What you are asked to do: Copy the data exactly from the line that contains "t j) / sqrt" through the line that contains "(\<Sum>t=1..T. of_bool (classify", keeping both end lines and leaving out everything else.

--------

(* Let $K, T \geq 1$ be integers, let $r_{tk}$ ($t = 1,\ldots,T$, $k = 1,\ldots,K$) be real numbers (the return of security $k$ at time $t$), and let $H_1,\ldots,H_K > 0$ be thresholds. For each security $k$ and time $t$, classify the observation $r_{tk}$ as $U$ (up) if $r_{tk} \geq H_k$, as $D$ (down) if $r_{tk} \leq -H_k$, and as $N$ (neutral) if $-H_k < r_{tk} < H_k$. For $p,q \in \{U,N,D\}$ and securities $i,j$, let $n_{ij}^{pq}$ be the number of times $t \in \{1,\ldots,T\}$ at which $r_{ti}$ is in category $p$ and $r_{tj}$ is in category $q$. Assume that for every $i,j$ the quantities $$n_{ij}^{(A)} = n_{ij}^{UU} + n_{ij}^{UN} + n_{ij}^{UD} + n_{ij}^{DU} + n_{ij}^{DN} + n_{ij}^{DD}, \qquad n_{ij}^{(B)} = n_{ij}^{UU} + n_{ij}^{NU} + n_{ij}^{DU} + n_{ij}^{UD} + n_{ij}^{ND} + n_{ij}^{DD}$$ are positive (equivalently, every security is in category $U$ or $D$ at least once). Define the $K\times K$ matrix $G^{(1)}$ with entries $$g_{ij}^{(1)} = \frac{n_{ij}^{UU} + n_{ij}^{DD} - n_{ij}^{UD} - n_{ij}^{DU}}{\sqrt{n_{ij}^{(A)}\, n_{ij}^{(B)}}}.$$ Then $G^{(1)}$ is positive semidefinite.
   Context: In the paper the thresholds are $H_k = c\,\sigma_k$, where $c>0$ is a fixed fraction (e.g. $1/2$) and $\sigma_k$ is the sample standard deviation of the returns of security $k$; the result only uses that the thresholds are positive. The matrix $G^{(1)}$ is called Gerber Statistic 1. *)

theory Defs
  imports "HOL-Analysis.Analysis"
begin

datatype cat = U | N | D

definition classify :: "real \<Rightarrow> real \<Rightarrow> cat" where
  "classify h x = (if x \<ge> h then U else if x \<le> - h then D else N)"

definition ncount :: "nat \<Rightarrow> (nat \<Rightarrow> nat \<Rightarrow> real) \<Rightarrow> (nat \<Rightarrow> real)
    \<Rightarrow> nat \<Rightarrow> nat \<Rightarrow> cat \<Rightarrow> cat \<Rightarrow> nat" where
  "ncount T r H i j p q =
     card {t \<in> {1..T}. classify (H i) (r t i) = p \<and> classify (H j) (r t j) = q}"

definition nA :: "nat \<Rightarrow> (nat \<Rightarrow> nat \<Rightarrow> real) \<Rightarrow> (nat \<Rightarrow> real) \<Rightarrow> nat \<Rightarrow> nat \<Rightarrow> nat" where
  "nA T r H i j = ncount T r H i j U U + ncount T r H i j U N + ncount T r H i j U D
                + ncount T r H i j D U + ncount T r H i j D N + ncount T r H i j D D"

definition nB :: "nat \<Rightarrow> (nat \<Rightarrow> nat \<Rightarrow> real) \<Rightarrow> (nat \<Rightarrow> real) \<Rightarrow> nat \<Rightarrow> nat \<Rightarrow> nat" where
  "nB T r H i j = ncount T r H i j U U + ncount T r H i j N U + ncount T r H i j D U
                + ncount T r H i j U D + ncount T r H i j N D + ncount T r H i j D D"

definition gerber1 :: "nat \<Rightarrow> (nat \<Rightarrow> nat \<Rightarrow> real) \<Rightarrow> (nat \<Rightarrow> real) \<Rightarrow> nat \<Rightarrow> nat \<Rightarrow> real" where
  "gerber1 T r H i j =
     (real (ncount T r H i j U U) + real (ncount T r H i j D D)
      - real (ncount T r H i j U D) - real (ncount T r H i j D U))
     / sqrt (real (nA T r H i j) * real (nB T r H i j))"

definition psd :: "nat \<Rightarrow> (nat \<Rightarrow> nat \<Rightarrow> real) \<Rightarrow> bool" where
  "psd K G \<longleftrightarrow> (\<forall>i\<in>{1..K}. \<forall>j\<in>{1..K}. G i j = G j i) \<and>
     (\<forall>x :: nat \<Rightarrow> real. (\<Sum>i=1..K. \<Sum>j=1..K. x i * G i j * x j) \<ge> 0)"

end

theory Submission
  imports Defs
begin

text \<open>Encode the categories as signs U = 1, N = 0, D = -1 and let s k be the sign vector of
  security k over time. Then every count entering g_ij^(1) is an inner product of sign vectors:
  the numerator is s i \<bullet> s j, and n_ij^(A), n_ij^(B) are |s i|^2, |s j|^2, since the squared sign is
  the indicator of U or D. Hence G^(1) is the matrix of cosines between the vectors s k, i.e. the
  Gram matrix of the normalised vectors s k / |s k|, and Gram matrices are positive semidefinite.\<close>

definition cat_sign :: "cat \<Rightarrow> real" where
  "cat_sign c = (case c of U \<Rightarrow> 1 | N \<Rightarrow> 0 | D \<Rightarrow> -1)"

lemma psd_gram:
  fixes u :: "'t \<Rightarrow> nat \<Rightarrow> real"
  shows "psd K (\<lambda>i j. \<Sum>t\<in>S. u t i * u t j)"
proof -
  have "(\<Sum>i=1..K. \<Sum>j=1..K. x i * (\<Sum>t\<in>S. u t i * u t j) * x j)
      = (\<Sum>t\<in>S. (\<Sum>i=1..K. x i * u t i)\<^sup>2)" for x
    by (simp add: power2_eq_square sum_distrib_left sum_distrib_right sum_product
        sum.swap[of _ S] algebra_simps)
  then show ?thesis
    unfolding psd_def by (simp add: mult.commute sum_nonneg)
qed

text \<open>No hypothesis on the vectors is needed: as x / 0 = 0, a zero vector s k gives a zero row
  and column, exactly as its normalisation s k / 0 = 0 does.\<close>
lemma psd_cosine_matrix:
  fixes s :: "'t \<Rightarrow> nat \<Rightarrow> real"
  shows "psd K (\<lambda>i j. (\<Sum>t\<in>S. s t i * s t j)
                      / sqrt ((\<Sum>t\<in>S. (s t i)\<^sup>2) * (\<Sum>t\<in>S. (s t j)\<^sup>2)))"
proof -
  define u where "u t k = s t k / sqrt (\<Sum>t\<in>S. (s t k)\<^sup>2)" for t k
  have "(\<Sum>t\<in>S. s t i * s t j) / sqrt ((\<Sum>t\<in>S. (s t i)\<^sup>2) * (\<Sum>t\<in>S. (s t j)\<^sup>2))
      = (\<Sum>t\<in>S. u t i * u t j)" for i j
    by (simp add: u_def real_sqrt_mult sum_divide_distrib)
  then show ?thesis
    using psd_gram[of K u S] by simp
qed

lemma ncount_eq_sum:
  "real (ncount T r H i j p q)
     = (\<Sum>t=1..T. of_bool (classify (H i) (r t i) = p \<and> classify (H j) (r t j) = q))"
  by (simp add: ncount_def Int_def)

lemma gerber1_numerator_eq_inner:
  "real (ncount T r H i j U U) + real (ncount T r H i j D D)
      - real (ncount T r H i j U D) - real (ncount T r H i j D U)
   = (\<Sum>t=1..T. cat_sign (classify (H i) (r t i)) * cat_sign (classify (H j) (r t j)))"
proof -
  have "of_bool (p = U \<and> q = U) + of_bool (p = D \<and> q = D)
          - of_bool (p = U \<and> q = D) - of_bool (p = D \<and> q = U) = cat_sign p * cat_sign q"
    for p q by (cases p; cases q) (simp_all add: cat_sign_def)
  then show ?thesis
    unfolding ncount_eq_sum sum.distrib[symmetric] sum_subtractf[symmetric] by simp
qed

lemma nA_eq_norm_sq:
  "real (nA T r H i j) = (\<Sum>t=1..T. (cat_sign (classify (H i) (r t i)))\<^sup>2)"
proof -
  have "of_bool (p = U \<and> q = U) + of_bool (p = U \<and> q = N) + of_bool (p = U \<and> q = D)
          + of_bool (p = D \<and> q = U) + of_bool (p = D \<and> q = N) + of_bool (p = D \<and> q = D)
        = (cat_sign p)\<^sup>2"
    for p q by (cases p; cases q) (simp_all add: cat_sign_def)
  then show ?thesis
    unfolding nA_def of_nat_add ncount_eq_sum sum.distrib[symmetric] by simp
qed

lemma nB_eq_norm_sq:
  "real (nB T r H i j) = (\<Sum>t=1..T. (cat_sign (classify (H j) (r t j)))\<^sup>2)"
proof -
  have "of_bool (p = U \<and> q = U) + of_bool (p = N \<and> q = U) + of_bool (p = D \<and> q = U)
          + of_bool (p = U \<and> q = D) + of_bool (p = N \<and> q = D) + of_bool (p = D \<and> q = D)
        = (cat_sign q)\<^sup>2"
    for p q by (cases p; cases q) (simp_all add: cat_sign_def)
  then show ?thesis
    unfolding nB_def of_nat_add ncount_eq_sum sum.distrib[symmetric] by simp
qed

lemma gerber1_eq_cosine_matrix:
  fixes r :: "nat \<Rightarrow> nat \<Rightarrow> real" and H :: "nat \<Rightarrow> real"
  defines "s t k \<equiv> cat_sign (classify (H k) (r t k))"
  shows "gerber1 T r H
           = (\<lambda>i j. (\<Sum>t\<in>{1..T}. s t i * s t j)
                     / sqrt ((\<Sum>t\<in>{1..T}. (s t i)\<^sup>2) * (\<Sum>t\<in>{1..T}. (s t j)\<^sup>2)))"
  unfolding gerber1_def gerber1_numerator_eq_inner nA_eq_norm_sq nB_eq_norm_sq s_def ..

theorem proposition1:
  fixes K T :: nat and r :: "nat \<Rightarrow> nat \<Rightarrow> real" and H :: "nat \<Rightarrow> real"
  assumes "K \<ge> 1" and "T \<ge> 1"
    and "\<forall>k\<in>{1..K}. H k > 0"
    and "\<forall>i\<in>{1..K}. \<forall>j\<in>{1..K}. nA T r H i j > 0 \<and> nB T r H i j > 0"
  shows "psd K (gerber1 T r H)"
  unfolding gerber1_eq_cosine_matrix by (rule psd_cosine_matrix)

end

--------

Task answer:
  have "(\<Sum>t\<in>S. s t i * s t j) / sqrt ((\<Sum>t\<in>S. (s t i)\<^sup>2) * (\<Sum>t\<in>S. (s t j)\<^sup>2))
      = (\<Sum>t\<in>S. u t i * u t j)" for i j
    by (simp add: u_def real_sqrt_mult sum_divide_distrib)
  then show ?thesis
    using psd_gram[of K u S] by simp
qed

lemma ncount_eq_sum:
  "real (ncount T r H i j p q)
     = (\<Sum>t=1..T. of_bool (classify (H i) (r t i) = p \<and> classify (H j) (r t j) = q))"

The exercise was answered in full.